With the UK government aggressively prodding businesses to disclose and reduce their energy consumption, British Airways is selling carbon offsets when you book a ticket and the Tesco supermarket chain is starting to post carbon counts on the labels of everything from orange juice to light bulbs to detergent.
Trinity Mirror PLC, which publishes some 150 titles in the UK, undertook a study of the environmental impact of its operations with the goal of striving for carbon neutrality. In so doing, it funded a study that determined its Daily Mirror, which is said to be printed on 100% recycled newsprint manufactured in England, consumes about 0.956 ounces of carbon for every ounce of the paper’s weight.

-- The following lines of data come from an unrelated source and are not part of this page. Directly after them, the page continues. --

(* Fix an equation $(f,q,w)$ as in the context with $\prod_{i=0}^{N-1}(1/f_i)>0$. Let $\gamma\in(-\pi,0)\cup(0,\pi)$ and $K=(k_{ij})\in SL(2,\mathbb R)$ with $k_{11}-f_0k_{12}\neq0$. Let $\mathbf T_K=\begin{pmatrix}0&1&0&0\\0&0&-k_{21}&k_{11}\end{pmatrix}$. For $M\in\{K,-K\}$ with entries $m_{ij}$, write $\lambda_j(M)$, $\lambda_j(-M)$, $\lambda_j(e^{i\gamma}M)$, $\lambda_j(\mathbf T_K)$ for the eigenvalues with boundary conditions $[M|-I]$, $[-M|-I]$, $[e^{i\gamma}M|-I]$, $\mathbf T_K$; put $m_j=\min\{\lambda_j(M),\lambda_j(-M)\}$, $M_j=\max\{\lambda_j(M),\lambda_j(-M)\}$; and say $P(M)$ holds if for every $0\le j\le N-1$: $\lambda_j(M)<\lambda_j(e^{i\gamma}M)<\lambda_j(-M)$ for $j$ even and $\lambda_j(-M)<\lambda_j(e^{i\gamma}M)<\lambda_j(M)$ for $j$ odd. Then for each $M\in\{K,-K\}$: (i) if $m_{11}-f_0m_{12}>0$ and $f_0m_{11}>0$: $P(M)$ holds, $\lambda_j(\mathbf T_K)\le m_j$ for $0\le j\le N-1$, and $M_j\le\lambda_{j+1}(\mathbf T_K)$ for $0\le j\le N-2$; (ii) if $m_{11}-f_0m_{12}>0$ and $f_0m_{11}<0$: $P(M)$ holds, $M_j\le\lambda_j(\mathbf T_K)\le m_{j+1}$ for $0\le j\le N-2$, and $M_{N-1}\le\lambda_{N-1}(\mathbf T_K)$; (iii) if $f_0m_{12}<0$ and $m_{11}=0$: $P(M)$ holds and $M_j\le\lambda_j(\mathbf T_K)\le m_{j+1}$ for $0\le j\le N-2$.
   Context: Let $N\ge2$ be an integer. An equation is given by real sequences $f=\{f_n\}_{n=0}^N$, $q=\{q_n\}_{n=1}^N$, $w=\{w_n\}_{n=1}^N$ with $f_n\neq0$, $w_n>0$; it is $-\nabla(f_n\Delta y_n)+q_ny_n=\lambda w_ny_n$, $1\le n\le N$, for $y=\{y_n\}_{n=0}^{N+1}$, $\Delta y_n=y_{n+1}-y_n$, $\nabla y_n=y_n-y_{n-1}$. A boundary condition $[A\,|\,B]$ (equivalently the $2\times4$ coefficient matrix $(A,B)$ of rank 2) is $A(y_0,f_0\Delta y_0)^T+B(y_N,f_N\Delta y_N)^T=0$; matrices differing by left multiplication by an invertible $2\times2$ complex matrix give the same condition (so $\mathbf T_{-K}=\mathbf T_K$). $SL(2,\mathbb R)$: real $2\times2$ matrices of determinant 1; $I$ the identity. Eigenvalues ($\lambda$ with a nontrivial solution) are real; multiplicity = dimension of the solution space; counted with multiplicity they are ordered $\lambda_0\le\lambda_1\le\cdots$. *)

theory Defs
  imports "HOL-Analysis.Analysis" "HOL-Library.Function_Algebras"
begin

definition sl_eq :: "(nat \<Rightarrow> real) \<Rightarrow> (nat \<Rightarrow> real) \<Rightarrow> (nat \<Rightarrow> real) \<Rightarrow> nat \<Rightarrow> complex \<Rightarrow> (nat \<Rightarrow> complex) \<Rightarrow> bool" where
  "sl_eq f q w N lam y \<longleftrightarrow>
     (\<forall>n\<in>{1..N}.
        - (complex_of_real (f n) * (y (Suc n) - y n) - complex_of_real (f (n - 1)) * (y n - y (n - 1)))
        + complex_of_real (q n) * y n = lam * complex_of_real (w n) * y n)"

definition col2 :: "complex \<Rightarrow> complex \<Rightarrow> complex^2" where
  "col2 a b = (\<chi> i. if i = 1 then a else b)"

definition bc_holds :: "(nat \<Rightarrow> real) \<Rightarrow> nat \<Rightarrow> complex^2^2 \<Rightarrow> complex^2^2 \<Rightarrow> (nat \<Rightarrow> complex) \<Rightarrow> bool" where
  "bc_holds f N A B y \<longleftrightarrow>
     A *v col2 (y 0) (complex_of_real (f 0) * (y 1 - y 0))
     + B *v col2 (y N) (complex_of_real (f N) * (y (Suc N) - y N)) = 0"

definition sol_space :: "(nat \<Rightarrow> real) \<Rightarrow> (nat \<Rightarrow> real) \<Rightarrow> (nat \<Rightarrow> real) \<Rightarrow> nat \<Rightarrow> complex^2^2 \<Rightarrow> complex^2^2 \<Rightarrow> complex \<Rightarrow> (nat \<Rightarrow> complex) set" where
  "sol_space f q w N A B lam = {y. (\<forall>n>Suc N. y n = 0) \<and> sl_eq f q w N lam y \<and> bc_holds f N A B y}"

definition is_eigenvalue :: "(nat \<Rightarrow> real) \<Rightarrow> (nat \<Rightarrow> real) \<Rightarrow> (nat \<Rightarrow> real) \<Rightarrow> nat \<Rightarrow> complex^2^2 \<Rightarrow> complex^2^2 \<Rightarrow> complex \<Rightarrow> bool" where
  "is_eigenvalue f q w N A B lam \<longleftrightarrow> (\<exists>y\<in>sol_space f q w N A B lam. y \<noteq> 0)"

definition eig_mult :: "(nat \<Rightarrow> real) \<Rightarrow> (nat \<Rightarrow> real) \<Rightarrow> (nat \<Rightarrow> real) \<Rightarrow> nat \<Rightarrow> complex^2^2 \<Rightarrow> complex^2^2 \<Rightarrow> complex \<Rightarrow> nat" where
  "eig_mult f q w N A B lam =
     vector_space.dim (\<lambda>(c::complex) (y::nat \<Rightarrow> complex). (\<lambda>n. c * y n)) (sol_space f q w N A B lam)"

definition eig_list :: "(nat \<Rightarrow> real) \<Rightarrow> (nat \<Rightarrow> real) \<Rightarrow> (nat \<Rightarrow> real) \<Rightarrow> nat \<Rightarrow> complex^2^2 \<Rightarrow> complex^2^2 \<Rightarrow> real list" where
  "eig_list f q w N A B =
     concat (map (\<lambda>x. replicate (eig_mult f q w N A B (complex_of_real x)) x)
       (sorted_list_of_set {x::real. is_eigenvalue f q w N A B (complex_of_real x)}))"

definition eigval :: "(nat \<Rightarrow> real) \<Rightarrow> (nat \<Rightarrow> real) \<Rightarrow> (nat \<Rightarrow> real) \<Rightarrow> nat \<Rightarrow> complex^2^2 \<Rightarrow> complex^2^2 \<Rightarrow> nat \<Rightarrow> real" where
  "eigval f q w N A B j = eig_list f q w N A B ! j"

definition cmat :: "real^2^2 \<Rightarrow> complex^2^2" where
  "cmat M = (\<chi> i j. complex_of_real (M $ i $ j))"

definition cid :: "complex^2^2" where
  "cid = (\<chi> i j. if i = j then 1 else 0)"

definition phase_mat :: "real \<Rightarrow> real^2^2 \<Rightarrow> complex^2^2" where
  "phase_mat \<gamma> M = (\<chi> i j. exp (\<i> * complex_of_real \<gamma>) * complex_of_real (M $ i $ j))"

text \<open>T_K = ( 0 1 0 0 ; 0 0 -k21 k11 ), split as [A | B].\<close>
definition TK_A :: "real^2^2 \<Rightarrow> complex^2^2" where
  "TK_A K = (\<chi> i j. if i = 1 \<and> j = 2 then 1 else 0)"

definition TK_B :: "real^2^2 \<Rightarrow> complex^2^2" where
  "TK_B K = (\<chi> i j. if i = 2 \<and> j = 1 then - complex_of_real (K $ 2 $ 1)
                   else if i = 2 \<and> j = 2 then complex_of_real (K $ 1 $ 1) else 0)"

end

theory Submission
  imports Defs "HOL-Computational_Algebra.Polynomial" "HOL-Computational_Algebra.Fundamental_Theorem_Algebra"
begin

text \<open>A solution is determined by its initial data (y_0, f_0 \<Delta>y_0), and (y_N, f_N \<Delta>y_N) is obtained from
  it by a transfer matrix \<Phi>(\<lambda>) whose entries are real polynomials in \<lambda> with det \<Phi> = 1. For det M = 1
  the eigenvalues for [M | -I], [-M | -I] and [e^(i\<gamma>) M | -I] are the solutions of D(\<lambda>) = 2, -2 and
  2 cos \<gamma>, where D = tr (M\<inverse> \<Phi>) is the discriminant, and those for T_K are the zeros of the entry
  E = (M\<inverse> \<Phi>)_21, which changes only its sign when K is replaced by -K.

  Differentiating \<Phi> in \<lambda> expresses D' as a weighted sum of a quadratic form whose discriminant is
  (tr M\<inverse>\<Phi>)^2 - 4, so E D' > 0 wherever |D| < 2; a Green identity shows that D has only real
  zeros. When m11 - f_0 m12 > 0 the leading coefficient of D makes D > 2 far to the left, and D is
  then a zigzag polynomial: strictly monotone on N consecutive pieces, alternately decreasing and
  increasing, with |D| \<ge> 2 at the break points. So \<lambda>_j for the levels 2, 2 cos \<gamma> and -2 is the
  solution on the j-th piece, which gives the ordering P(M); double eigenvalues occur exactly at
  critical points where \<Phi> = \<plusminus>M. Finally E alternates in sign at the zeros of D, so its zeros
  interlace them, and |D| \<ge> 2 at the zeros of E keeps every level-c point of a piece on the same
  side of them as the zero of D. The sign of f_0 m11 (or m11 = 0, when E has degree N - 1) decides
  whether E has one more zero to the left, to the right, or none.\<close>

lemma poly_decreasing_if_pderiv_neg:
  fixes p :: "real poly"
  assumes "x < y" "\<And>t. x < t \<Longrightarrow> t < y \<Longrightarrow> poly (pderiv p) t < 0"
  shows "poly p y < poly p x"
proof -
  obtain t where t: "x < t" "t < y" "poly p y - poly p x = (y - x) * poly (pderiv p) t"
    using poly_MVT[OF assms(1), of p] by auto
  have "(y - x) * poly (pderiv p) t < 0" using assms t by (intro mult_pos_neg) auto
  then show ?thesis using t by simp
qed

lemma poly_increasing_if_pderiv_pos:
  fixes p :: "real poly"
  assumes "x < y" "\<And>t. x < t \<Longrightarrow> t < y \<Longrightarrow> poly (pderiv p) t > 0"
  shows "poly p x < poly p y"
  using poly_decreasing_if_pderiv_neg[of x y "- p"] assms by (simp add: pderiv_minus)

lemma pderiv_sign_constant:
  fixes p :: "real poly"
  assumes "\<And>x. a < x \<Longrightarrow> x < b \<Longrightarrow> poly (pderiv p) x \<noteq> 0"
  shows "(\<forall>x\<in>{a<..<b}. poly (pderiv p) x > 0) \<or> (\<forall>x\<in>{a<..<b}. poly (pderiv p) x < 0)"
proof (rule ccontr)
  assume "\<not> ?thesis"
  then obtain x1 x2 where x1: "a < x1" "x1 < b" "poly (pderiv p) x1 < 0"
    and x2: "a < x2" "x2 < b" "poly (pderiv p) x2 > 0"
    using assms by (auto simp: not_less order_le_less)
  have "\<exists>t. min x1 x2 < t \<and> t < max x1 x2 \<and> poly (pderiv p) t = 0"
  proof (cases "x1 < x2")
    case True
    then show ?thesis using poly_IVT[OF True, of "pderiv p"] x1 x2 by (auto simp: mult_neg_pos)
  next
    case False
    then have lt: "x2 < x1" using x1 x2 by (cases "x1 = x2") auto
    show ?thesis using poly_IVT[OF lt, of "pderiv p"] x1 x2 by (auto simp: mult_pos_neg)
  qed
  then show False using assms x1 x2 by force
qed

lemma poly_decreasing_through_root:
  fixes p :: "real poly"
  assumes "a < z" "z < b" "poly p z = 0" "poly p a > 0"
    and "\<And>x. a < x \<Longrightarrow> x < b \<Longrightarrow> poly (pderiv p) x \<noteq> 0"
  shows "\<forall>x\<in>{a<..<b}. poly (pderiv p) x < 0" and "poly p b < 0"
proof -
  have "\<not> (\<forall>x\<in>{a<..<b}. poly (pderiv p) x > 0)"
  proof
    assume "\<forall>x\<in>{a<..<b}. poly (pderiv p) x > 0"
    then have "poly p a < poly p z" using assms(1,2) by (intro poly_increasing_if_pderiv_pos) auto
    then show False using assms(3,4) by simp
  qed
  then show neg: "\<forall>x\<in>{a<..<b}. poly (pderiv p) x < 0"
    using pderiv_sign_constant[of a b p] assms(5) by blast
  show "poly p b < 0"
    using poly_decreasing_if_pderiv_neg[of z b p] neg assms(1-3) by auto
qed

lemma card_roots_eq_degree_if_real_simple:
  fixes p :: "real poly"
  assumes p0: "p \<noteq> 0"
    and real: "\<And>z. poly (map_poly complex_of_real p) z = 0 \<Longrightarrow> Im z = 0"
    and simple: "\<And>x. poly p x = 0 \<Longrightarrow> poly (pderiv p) x \<noteq> 0"
  shows "card {x. poly p x = 0} = degree p"
proof -
  define pc where "pc = map_poly complex_of_real p"
  have pc0: "pc \<noteq> 0" using p0 unfolding pc_def by (subst map_poly_eq_0_iff) auto
  have evr: "poly (map_poly complex_of_real r) (of_real x) = of_real (poly r x)" for r x
    by (induction r) (auto simp: map_poly_pCons)
  have "pderiv pc = map_poly complex_of_real (pderiv p)"
    unfolding pc_def by (rule poly_eqI) (simp add: coeff_map_poly coeff_pderiv)
  then have evd: "poly (pderiv pc) (of_real x) = of_real (poly (pderiv p) x)" for x
    by (simp add: evr)
  have R: "{z. poly pc z = 0} = complex_of_real ` {x. poly p x = 0}"
  proof (intro equalityI subsetI)
    fix z assume "z \<in> {z. poly pc z = 0}"
    then have z: "poly pc z = 0" by simp
    then have zr: "z = of_real (Re z)" using real by (simp add: pc_def complex_eq_iff)
    then have "poly p (Re z) = 0" using z evr[of p "Re z"] by (simp add: pc_def)
    then show "z \<in> complex_of_real ` {x. poly p x = 0}" using zr by blast
  qed (use evr in \<open>auto simp: pc_def\<close>)
  have "rsquarefree pc" unfolding rsquarefree_roots
  proof (intro allI notI)
    fix a assume a: "poly pc a = 0 \<and> poly (pderiv pc) a = 0"
    then obtain x where "a = of_real x" "poly p x = 0" using R by blast
    then show False using a simple evd[of x] by simp
  qed
  then have "pc = smult (lead_coeff pc) (\<Prod>z|poly pc z = 0. [:-z, 1:])"
    using complex_poly_decompose_rsquarefree by simp
  then have "degree pc = degree (\<Prod>z|poly pc z = 0. [:-z, 1:])"
    using pc0 by (metis degree_smult_eq leading_coeff_0_iff)
  also have "\<dots> = card {z. poly pc z = 0}" by (subst degree_prod_sum_eq) auto
  also have "\<dots> = card {x. poly p x = 0}" unfolding R by (rule card_image) (simp add: inj_on_def)
  finally show ?thesis by (simp add: pc_def degree_map_poly)
qed

lemma poly_pinfty_gt:
  fixes p :: "real poly"
  assumes "degree p \<ge> 1" "lead_coeff p > 0"
  shows "\<exists>R. \<forall>x\<ge>R. poly p x > K"
proof -
  have "lead_coeff ([:- K:] + p) = lead_coeff p" using assms by (intro lead_coeff_add_le) simp
  then obtain R where "\<forall>x\<ge>R. poly ([:- K:] + p) x \<ge> lead_coeff p"
    using poly_pinfty_gt_lc[of "[:- K:] + p"] assms by auto
  then have "\<forall>x\<ge>R. poly p x > K" using assms(2) by (auto simp: algebra_simps)
  then show ?thesis by blast
qed

lemma poly_minfty_gt:
  fixes p :: "real poly"
  assumes "degree p \<ge> 1" "(-1) ^ degree p * lead_coeff p > 0"
  shows "\<exists>R. \<forall>x\<le>R. poly p x > K"
proof -
  define r where "r = pcompose p [:0, -1:]"
  have "degree r = degree p" "lead_coeff r = lead_coeff p * (-1) ^ degree p"
    unfolding r_def by (simp add: degree_pcompose) (subst lead_coeff_comp; simp)
  then obtain R where R: "\<forall>x\<ge>R. poly r x > K" using poly_pinfty_gt[of r K] assms by (auto simp: mult.commute)
  have "poly p x > K" if "x \<le> -R" for x
    using that R[rule_format, of "- x"] by (simp add: r_def poly_pcompose)
  then show ?thesis by blast
qed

Applying the Daily Mirror figure to a newspaper with daily and Sunday circulation of 250,000, the paper would generate in 27,965 tons of CO2 in a year, assuming it averaged 8-ounce papers during the week and 24-ounce editions on Sunday.

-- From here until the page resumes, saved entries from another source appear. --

definition winning_strategy_I ::
  "'a rel \<Rightarrow> 'a \<Rightarrow> 'p set \<Rightarrow> ('p \<Rightarrow> 'p \<Rightarrow> bool) \<Rightarrow> 'p \<Rightarrow>
   ('a \<Rightarrow> ('a \<Rightarrow> 'a set \<Rightarrow> 'p) \<Rightarrow> ('a set \<Rightarrow> 'p) \<times> ('a set \<Rightarrow> 'a set)) \<Rightarrow> bool" where
  "winning_strategy_I mu eps P le emp \<sigma> \<longleftrightarrow>
    (\<forall>p :: 'a \<Rightarrow> 'a set \<Rightarrow> 'p.
      let r = cardSuc mu;
          q = (\<lambda>z. fst (\<sigma> z (restr_hist mu z p)));
          f = (\<lambda>z. snd (\<sigma> z (restr_hist mu z p)));
          legalI = (\<lambda>z.
             (\<forall>i\<in>Field r. q z i \<in> P \<and> f z i \<in> Field r) \<and>
             (underS mu z = {} \<longrightarrow>
                (\<forall>i\<in>Field r. q z i = emp \<and> underS r (f z i) = {})) \<and>
             (underS mu z \<noteq> {} \<longrightarrow>
                (\<forall>xi\<in>underS mu z. inD r mu {i. le (p xi i) (q z i)}) \<and>
                (\<exists>C. club r C \<and> (\<forall>i\<in>C. lt_in r (f z i) i))));
          legalII = (\<lambda>z.
             (\<forall>i\<in>Field r. p z i \<in> P) \<and> inD r mu {i. le (q z i) (p z i)})
      in (\<forall>z\<in>underS mu eps. (\<forall>xi\<in>underS mu z. legalII xi) \<longrightarrow> legalI z) \<and>
         ((\<forall>z\<in>underS mu eps. legalII z) \<longrightarrow>
            (\<exists>E. inD r mu E \<and>
               (\<forall>i\<in>E. \<forall>j\<in>E.
                  (mu, Restr r (underS r i)) \<in> ordLess \<and> lt_in r i j \<and>
                  cof_eq r i mu \<and> cof_eq r j mu \<and>
                  (\<forall>xi\<in>underS mu eps. f xi i = f xi j)
                  \<longrightarrow> (\<exists>u\<in>P. \<forall>z\<in>underS mu eps. le (p z i) u \<and> le (p z j) u)))))"

definition satisfies_star :: "'a rel \<Rightarrow> 'a \<Rightarrow> 'p set \<Rightarrow> ('p \<Rightarrow> 'p \<Rightarrow> bool) \<Rightarrow> 'p \<Rightarrow> bool" where
  "satisfies_star mu eps P le emp \<longleftrightarrow> (\<exists>\<sigma>. winning_strategy_I mu eps P le emp \<sigma>)"

definition antichain :: "'p set \<Rightarrow> ('p \<Rightarrow> 'p \<Rightarrow> bool) \<Rightarrow> 'p set \<Rightarrow> bool" where
  "antichain P le A \<longleftrightarrow> A \<subseteq> P \<and>
     (\<forall>p\<in>A. \<forall>q\<in>A. p \<noteq> q \<longrightarrow> \<not> (\<exists>s\<in>P. le p s \<and> le q s))"

definition succ_cc :: "'a rel \<Rightarrow> 'p set \<Rightarrow> ('p \<Rightarrow> 'p \<Rightarrow> bool) \<Rightarrow> bool" where
  "succ_cc mu P le \<longleftrightarrow> (\<forall>A. antichain P le A \<longrightarrow> (card_of A, mu) \<in> ordLeq)"

end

Here's the problem for publishers:
While thriving companies like Google have the profits to invest in green projects or buy their way to carbon neutrality, the deteriorating economics of publishing argue against the likelihood of similar voluntary investments by newspapers and most magazines. Future government mandates, no matter how well-conceived, would amplify the commercial stress. And even in the best of circumstances, there is no getting around the fact that printing on paper requires the sacrifice of millions of trees a year at a time we can ill-afford to lose them.

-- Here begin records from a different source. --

lemma phi_le_of_min_le:
  fixes b t :: real
  assumes "0 < b" "b < 1" "min b (1 - b) \<le> t" "t \<le> 1/2"
  shows "phi t \<le> phi b"
proof -
  have "phi t \<le> phi (min b (1 - b))"
    using assms by (intro phi_antimono) auto
  also have "phi (min b (1 - b)) = phi b"
    using phi_one_minus[of b] assms by (simp add: min_def)
  finally show ?thesis .
qed

lemma continuous_on_mult_ln: "continuous_on {0..} (\<lambda>x::real. x * ln x)"
  unfolding continuous_on_eq_continuous_within
proof
  fix x :: real
  assume x: "x \<in> {0..}"
  show "continuous (at x within {0..}) (\<lambda>x. x * ln x)"
  proof (cases "x = 0")
    case True
    have "((\<lambda>x::real. x * ln x) \<longlongrightarrow> 0) (at_right 0)"
      by real_asymp
    then show ?thesis
      using True by (simp add: continuous_within at_within_Ici_at_right)
  next
    case False
    then have "isCont (\<lambda>x. x * ln x) x"
      using x by (auto intro!: continuous_intros)
    then show ?thesis
      by (rule continuous_at_imp_continuous_at_within)
  qed
qed

(* For 0 < p < 1 and 0 <= q <= 1 this is q ln(q/p) + (1-q) ln((1-q)/(1-p)),
   with 0 ln 0 = 0 supplied by 0 * ln 0 = 0. *)
definition binary_KL :: "real \<Rightarrow> real \<Rightarrow> real" where
  "binary_KL q p = q * (ln q - ln p) + (1 - q) * (ln (1 - q) - ln (1 - p))"

lemma binary_KL_one_minus: "binary_KL (1 - q) (1 - p) = binary_KL q p"
  unfolding binary_KL_def by simp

Meantime, at the bottom of the publishing food chain, Newsosaur is happy to report that it produces less than a quarter of a ton of CO2 each year by limiting energy consumption to a single laptop that is turned off a night, a DSL router shared with the family, a single-bulb desk lamp and the power required to run a simple mobile phone.
Because a daily and Sunday New York Times subscription theoretically adds only a dainty 0.02 tons to my carbon footprint, I think I’ll keep it. But the Explorer has got to go.